Raster(s) from which values will be extracted. Both Raster and PointCloud input should be in the same coordinate system.
Output Ports
Point cloud features with updated component values.
Non-point cloud features will be routed to the <Rejected> port, as well as invalid point clouds.
Rejected features will have an fme_rejection_code attribute with one of the following values:
INVALID_GEOMETRY_TYPE
INVALID_FEATURE_COMPONENTS
Rejected Feature Handling: can be set to either terminate the translation or continue running when it encounters a rejected feature. This setting is available both as a default FME option and as a workspace parameter.
Parameters
Group By |
If Group By attributes are selected, features with the same values in the Group By attributes are grouped together, and rasters are only used to set component values of point clouds in the same group. |
Group By Mode |
Process At End (Blocking): This is the default behavior.

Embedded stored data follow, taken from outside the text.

lemma phi_unit_weights:
  assumes p: "\<forall>idx\<in>param_idx L M r Y. p idx = unshare unit_weights idx"
    and r: "\<forall>l<L. r l > 0"
  shows "1 \<le> l \<Longrightarrow> l \<le> L \<Longrightarrow> j \<in> {1..2 ^ L div 2 ^ l} \<Longrightarrow> g \<in> {1..width L r Y l}
    \<Longrightarrow> length ds = 2 ^ l \<Longrightarrow> set ds \<subseteq> {1..M}
    \<Longrightarrow> phi r p l j g ds = (if diag_pairs (r 0) ds then 1 else 0)"
proof (induction l arbitrary: j g ds rule: nat_induct_at_least)
  case base
  then obtain a b where ds: "ds = [a, b]"
    by (auto simp: numeral_2_eq_2 length_Suc_conv)
  then show ?case
    using base phi_one_unit_weights[OF p] by auto
next
  case (Suc l)
  let ?ds1 = "take (2 ^ l) ds" and ?ds2 = "drop (2 ^ l) ds"
  have "phi r p (Suc l) j g ds
      = (\<Sum>\<alpha>\<in>{1..r l}. p (Suc l, j, g, \<alpha>) * (phi r p l (2 * j - 1) \<alpha> ?ds1 * phi r p l (2 * j) \<alpha> ?ds2))"
    by (simp add: tprod_def)
  also have "\<dots> = (\<Sum>\<alpha>\<in>{1..r l}. if \<alpha> = 1 then phi r p l (2 * j - 1) 1 ?ds1 * phi r p l (2 * j) 1 ?ds2 else 0)"
  proof (rule sum.cong[OF refl])
    fix \<alpha> assume "\<alpha> \<in> {1..r l}"
    then have "(Suc l, j, g, \<alpha>) \<in> param_idx L M r Y"
      using Suc.prems by (auto simp: param_idx_def vlen_def)
    then show "p (Suc l, j, g, \<alpha>) * (phi r p l (2 * j - 1) \<alpha> ?ds1 * phi r p l (2 * j) \<alpha> ?ds2)
        = (if \<alpha> = 1 then phi r p l (2 * j - 1) 1 ?ds1 * phi r p l (2 * j) 1 ?ds2 else 0)"
      using Suc.hyps by (simp add: p[rule_format] unshare_def unit_weights_def)
  qed
  also have "\<dots> = phi r p l (2 * j - 1) 1 ?ds1 * phi r p l (2 * j) 1 ?ds2"
    using r[rule_format, of l] Suc.prems by simp
  also have "\<dots> = (if diag_pairs (r 0) ?ds1 then 1 else 0) * (if diag_pairs (r 0) ?ds2 then 1 else 0)"
  proof -
    have "1 \<in> {1..width L r Y l}"
      using r[rule_format, of l] Suc.prems by (simp add: width_def)
    moreover have "set ?ds1 \<subseteq> {1..M}" "set ?ds2 \<subseteq> {1..M}"
      using Suc.prems(5) by (auto dest: in_set_takeD in_set_dropD)
    ultimately show ?thesis
      using Suc.prems children_in_range[OF Suc.prems(1,2)] by (simp add: Suc.IH)
  qed
  also have "\<dots> = (if diag_pairs (r 0) (?ds1 @ ?ds2) then 1 else 0)"
    using diag_pairs_append[of ?ds1 "r 0" ?ds2] Suc.hyps Suc.prems by simp
  finally show ?case by simp
qed

section \<open>Generic lower bound on the CP-rank\<close>

lemma finite_param_idx: "finite (param_idx L M r Y)"
proof -
  have "param_idx L M r Y = (SIGMA l:{..L}. SIGMA j:{1..2^L div 2^l}. SIGMA g:{1..width L r Y l}. {1..vlen M r l})"
    by (auto simp: param_idx_def)
  then show ?thesis by simp
qed

lemma finite_shared_idx: "finite (shared_idx L M r Y)"
proof -
  have "shared_idx L M r Y = (SIGMA l:{..L}. SIGMA g:{1..width L r Y l}. {1..vlen M r l})"
    by (auto simp: shared_idx_def)
  then show ?thesis by simp
qed

lemma flattening_unit_weights:
  assumes p: "\<forall>idx\<in>param_idx L M r Y. p idx = unshare unit_weights idx"
    and r: "\<forall>l<L. r l > 0" and L: "L \<ge> 1" and y: "y \<in> {1..Y}" and N: "2 ^ L = 2 * h"
    and R: "R \<le> r 0" "R \<le> M"
    and e: "inj_on e {..<K}" and rows: "\<And>k. k < K \<Longrightarrow> e k \<in> tensor_indices h R"
  shows "mat K K (\<lambda>(k, k'). phi r p L 1 y (interleave (e k) (e k'))) = 1\<^sub>m K"
proof (rule eq_matI)
  fix k k' assume "k < dim_row (1\<^sub>m K)" "k' < dim_col (1\<^sub>m K)"
  then have k: "k < K" "k' < K" by simp_all
  have "e k \<in> tensor_indices h M" "e k' \<in> tensor_indices h M"
    using rows[OF k(1)] rows[OF k(2)] tensor_indices_mono[OF R(2)] by blast+
  then have "interleave (e k) (e k') \<in> tensor_indices (2 ^ L) M"
    unfolding N by (rule interleave_in_tensor_indices)
  then have ds: "length (interleave (e k) (e k')) = 2 ^ L" "set (interleave (e k) (e k')) \<subseteq> {1..M}"
    by (simp_all add: tensor_indices_def)
  have root: "(1::nat) \<in> {1..2 ^ L div 2 ^ L}" and y_width: "y \<in> {1..width L r Y L}"
    using y by (simp_all add: width_def)
  have "phi r p L 1 y (interleave (e k) (e k'))
      = (if diag_pairs (r 0) (interleave (e k) (e k')) then 1 else 0)"
    by (rule phi_unit_weights[OF p r L order_refl root y_width ds])
  also have "diag_pairs (r 0) (interleave (e k) (e k')) \<longleftrightarrow> e k = e k'"
  proof -
    have "length (e k) = length (e k')" "\<forall>x\<in>set (e k). x \<le> r 0"
      using rows[OF k(1)] rows[OF k(2)] R(1) by (auto simp: tensor_indices_def)
    then show ?thesis by (simp add: diag_pairs_interleave)
  qed
  also have "e k = e k' \<longleftrightarrow> k = k'"
    using inj_onD[OF e] k by auto
  finally show "mat K K (\<lambda>(k, k'). phi r p L 1 y (interleave (e k) (e k'))) $$ (k, k') = 1\<^sub>m K $$ (k, k')"
    using k by simp
qed simp_all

Processing will only occur in this transformer once all input is present. Process When Group Changes (Advanced): This transformer will process input groups in order. Changes of the value of the Group By parameter on the input stream will trigger processing on the currently accumulating group. This may improve overall speed (particularly with multiple, equally-sized groups), but could cause undesired behavior if input groups are not truly ordered. Considerations for Using Group By
There are two typical reasons for using Process When Group Changes (Advanced) . The first is incoming data that is intended to be processed in groups (and is already so ordered). In this case, the structure dictates Group By usage - not performance considerations. The second possible reason is potential performance gains. Performance gains are most likely when the data is already sorted (or read using a SQL ORDER BY statement) since less work is required of FME. If the data needs ordering, it can be sorted in the workspace (though the added processing overhead may negate any gains). Sorting becomes more difficult according to the number of data streams. Multiple streams of data could be almost impossible to sort into the correct order, since all features matching a Group By value need to arrive before any features (of any feature type or dataset) belonging to the next group. In this case, using Group By with Process At End (Blocking) may be the equivalent and simpler approach. Note: Multiple feature types and features from multiple datasets will not generally naturally occur in the correct order. As with many scenarios, testing different approaches in your workspace with your data is the only definitive way to identify performance gains. |
Components to Set |
Specifies which point cloud components should be set from the corresponding raster(s).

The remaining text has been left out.